Can I use AI to visualize my own personal experiences from decades ago? For this series, I have asked an AI tool to generate a scene showing people in a bus in Moscow in the 1970s. This were some of my prompts:
"tired people inside a bus in Moscow, photo slightly from above, February 9am ambient soft light coming from bus window, ultra-detailed photo, proportional bodies, f70 lens --stylize 900"
"people of different ages inside a bus in Moscow, photo slightly from above, February 9am ambient soft light coming from bus window, ultra-detailed photo, proportional bodies, f70 lens --stylize 900"
After selecting the best outputs, I have slightly adjusted brightness, sharpness and color balance of images in Lightroom, and made some areas darker or lighter - but did not change any of the content AI generated.
Our own personal memories are very selective (we remember some things and not others), and they often lack visual precision and details. Can I visualize precisely today the room where I grew up in my parents Moscow apartment in the 1960s? Or New York City in 1981 after I arrived there as an immigrant? The latter is much easier - because more media materials about New York (photographs, various documents, digitized newspapers, film documentaries, etc.) are easily available online. And I can also consult English Wikipedia which contains endless details about this period in New York across its millions of articles.
But Moscow in 1977? There is significantly less visual documentation available on the web. Not as many people owned cameras - and amateur photographs preferred to capture important moments such as birthdays and weddings rather than the everyday and the ordinary.
Society’s collective memories are shaped by media machines. Since the beginnings of modern visual media in the 1830s (e.g, photography), our media records have been rapidly growing. After photography, we get films and sound recordings (1890s-), TV programs stored on video tapes (1950s-) and later other capture technologies that rely on computers such as 3D capture of bodies and faces and photogrammetry.
Internet became a new massive depository of human experiences after 1993 when the first graphic web was introduced, and is later joined by social media networks such as Facebook and Instagram.
Because of the proliferation of mobile phones with high-resolution cameras, the amount of images that document the last few years is astronomical in comparison to what we have from earlier history.
In the last 15 years, new computational memory technologies have become gradually more important.
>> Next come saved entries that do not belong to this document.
(* Let $L:\mathbb{R}^n\times\mathbb{R}\times\mathbb{R}^n\to\mathbb{R}$ be a $C^2$ function satisfying (L1)–(L3) below, and set $L_0(x,v)=L(x,0,v)$: (L1) $L_{vv}(x,r,v)>0$ for all $(x,r,v)$; (L2) for each $r\in\mathbb{R}$ there exist superlinear nondecreasing $\overline{\theta}_r,\theta_r:[0,+\infty)\to[0,+\infty)$ with $\theta_r(0)=0$ and $c_r>0$ such that $\overline{\theta}_r(|v|)\geqslant L(x,r,v)\geqslant\theta_r(|v|)-c_r$ for all $(x,v)$; (L3) there exists $K>0$ with $|L_r(x,r,v)|\leqslant K$ for all $(x,r,v)$. Let $L^\lambda:\mathbb{R}^n\times\mathbb{R}\times\mathbb{R}^n\to\mathbb{R}$ be a $C^2$ function satisfying (L1), (L2) and $|L^\lambda_u(x,u,v)|\leqslant K_\lambda$ for all $(x,u,v)$, and set $L_\lambda(x,v)=L^\lambda(x,0,v)$. Let $x\in\mathbb{R}^n$, $t,R>0$, $u\in\mathbb{R}$, and $y\in\mathbb{R}^n$ with $|y-x|\leqslant R$. Let $\xi\in\Gamma^t_{y,x}$ be a minimizer for $A_t(y,x)$, and let $u^\lambda_\xi$ be the solution of $\dot u^\lambda_\xi(s)=L^\lambda(\xi(s),u^\lambda_\xi(s),\dot\xi(s))$ a.e. on $[0,t]$ with $u^\lambda_\xi(0)=u$. Then for all $s\in[0,t]$, $$|u^\lambda_\xi(s)|\leqslant tF(t,R/t)+C(t)|u|+\exp(K_\lambda t)\int_0^t|L_\lambda(\xi,\dot\xi)-L_0(\xi,\dot\xi)|\,ds,$$ where $F(t,R/t)=(\overline{\theta}_0(R/t)+2c_0)\exp(K_\lambda t)$ and $C(t)=tK_\lambda\exp(K_\lambda t)+1$.
   Context: $\Gamma^t_{y,x}=\{\xi\in W^{1,1}([0,t],\mathbb{R}^n):\xi(0)=y,\ \xi(t)=x\}$. $A_t(y,x)=\inf_{\xi\in\Gamma^t_{y,x}}\int_0^tL_0(\xi(s),\dot\xi(s))\,ds$ is the least action (fundamental solution) of $L_0$. $\overline{\theta}_0$ and $c_0$ are the function and constant from (L2) for $L$ with $r=0$. *)

theory Defs
  imports "HOL-Analysis.Analysis"
begin

definition C2 :: "('b::euclidean_space \<Rightarrow> real) \<Rightarrow> bool" where
  "C2 f \<longleftrightarrow> (\<exists>f' f''.
      (\<forall>z. (f has_derivative blinfun_apply (f' z)) (at z)) \<and>
      (\<forall>z. (f' has_derivative blinfun_apply (f'' z)) (at z)) \<and>
      continuous_on UNIV f'')"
Scientists, humanists and journalists start using data science to uncover hidden patterns, relationships, and similarities in massive text and visual archives. Development of AI gives rise to yet another set of new memory techniques.
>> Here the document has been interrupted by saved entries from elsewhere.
lemma two_prime_factors_imp_nontrivial_rep:
  fixes m p q :: int
  assumes "m \<ge> 1" and pq: "prime p" "prime q" "p \<noteq> 3" "q \<noteq> 3" "p * q dvd m^2 + m + 1"
  shows "\<exists>x y. eisenstein_norm x y = m^2 + m + 1 \<and> \<not> trivial_rep m x y"
proof -
  obtain k where k: "m^2 + m + 1 = p * q * k"
    using pq(5) ..
  have "p > 0" "q > 0"
    using pq(1,2) by (simp_all add: prime_gt_0_int)
  moreover from this have "k > 0"
    using k sq_plus_self_plus_1_pos[of m] mult_pos_pos[of p q] zero_less_mult_pos[of "p * q" k]
    by simp
  ultimately have "q * k \<ge> 1" "p \<ge> 1"
    using mult_pos_pos[of q k] by linarith+
  moreover have "(q * k) * p = m^2 + m + 1"
    using k by (simp add: ac_simps)
  ultimately obtain x y where rep: "eisenstein_norm x y = m^2 + m + 1"
    and A: "q * k dvd x - m*y" and B: "p dvd x + (m+1)*y"
    using rep_with_congruences[OF assms(1)] by blast
  have "p dvd m^2 + m + 1" "q dvd m^2 + m + 1"
    using pq(5) by (auto intro: dvd_mult_left dvd_mult_right)
  have "\<not> trivial_rep m x y"
  proof
    assume "trivial_rep m x y"
    then consider "m^2 + m + 1 dvd x - m*y" | "m^2 + m + 1 dvd x + (m+1)*y"
      unfolding trivial_rep_def by blast
    then show False
    proof cases
      case 1
      with \<open>p dvd m^2 + m + 1\<close> have "p dvd x - m*y"
        by (rule dvd_trans)
      with pq(1,3) \<open>p dvd m^2 + m + 1\<close> B rep \<open>trivial_rep m x y\<close> show False
        using common_prime_factor_imp_nontrivial by blast
    next
      case 2
      with \<open>q dvd m^2 + m + 1\<close> have "q dvd x + (m+1)*y"
        by (rule dvd_trans)
      moreover have "q dvd x - m*y"
        using A by (auto intro: dvd_mult_left)
      ultimately show False
        using pq(2,4) \<open>q dvd m^2 + m + 1\<close> rep \<open>trivial_rep m x y\<close>
          common_prime_factor_imp_nontrivial by blast
    qed
  qed
  with rep show ?thesis
    by blast
qed

lemma exists_nontrivial_rep_iff_two_prime_factors:
  fixes m :: int
  assumes "m \<ge> 1"
  shows "(\<exists>x y. eisenstein_norm x y = m^2 + m + 1 \<and> \<not> trivial_rep m x y) \<longleftrightarrow>
         (\<exists>p q. prime p \<and> prime q \<and> p \<noteq> 3 \<and> q \<noteq> 3 \<and> p * q dvd m^2 + m + 1)"
  using nontrivial_rep_imp_two_prime_factors two_prime_factors_imp_nontrivial_rep[OF assms] by blast

theorem theorem2:
  fixes n :: nat
  assumes "n \<ge> 1"
  shows "(\<exists>k x. nontrivial_solution n k x) \<longleftrightarrow>
         num_prime_factors_1mod3 (n^2 + n + 1) \<ge> 2"
proof -
  define m where "m = int n"
  have "m \<ge> 1"
    using assms by (simp add: m_def)
  have N: "int (n^2 + n + 1) = m^2 + m + 1"
    by (simp add: m_def)
  have "(\<exists>k x. nontrivial_solution n k x) \<longleftrightarrow>
        (\<exists>u v. u \<ge> 2 \<and> v \<ge> 2 \<and> eisenstein_norm u v = m^2 + m + 1)"
    unfolding m_def by (rule exists_nontrivial_solution_iff)
  also have "\<dots> \<longleftrightarrow> (\<exists>x y. eisenstein_norm x y = m^2 + m + 1 \<and> \<not> trivial_rep m x y)"
    using \<open>m \<ge> 1\<close> by (rule exists_rep_ge_2_iff_nontrivial)
  also have "\<dots> \<longleftrightarrow> (\<exists>p q. prime p \<and> prime q \<and> p \<noteq> 3 \<and> q \<noteq> 3 \<and> p * q dvd m^2 + m + 1)"
    using \<open>m \<ge> 1\<close> by (rule exists_nontrivial_rep_iff_two_prime_factors)
  also have "\<dots> \<longleftrightarrow> 2 \<le> num_prime_factors_1mod3 (n^2 + n + 1)"
    using two_prime_factors_ne_3_iff[of n] unfolding N .
  finally show ?thesis .
qed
On YouTube there are many short documentary videos of cities from the first decades of cinema that have been enhanced by AI - increasing resolution, sharpening details, and adding color. Suddenly we can see more details in the Lumières’ “Arrival of a Train” than the first viewers of these first short films saw in 1896.
In 2022, new media memory machines became available to everybody. These are Generative AI tools such as Midjourney, Stable Diffusion, Dall-e 2 and 3, and so on. etc. So now I can compose a short text prompt which will make such software to visualize Moscow in 1968, New York in 1981 or any other space and time, and receive detailed images within minutes.
But how reliable are these synthetic memories? Their precision depends on how much visual documentation exists online about any particular topic or time period. But even in the cases of well-documented subjects, this software has strong biases. For example, when I ask for “Moscow,” the output images generated by Midjourney in 2022 inevitably include churches or other historical buildings. So while this new memory machine can offer unique opportunities for any individual to “see” into both her personal past and the collective historical past, the generated “memories” so far are unreliable - they tend to substitute generic and stereotypic for the particular and unique.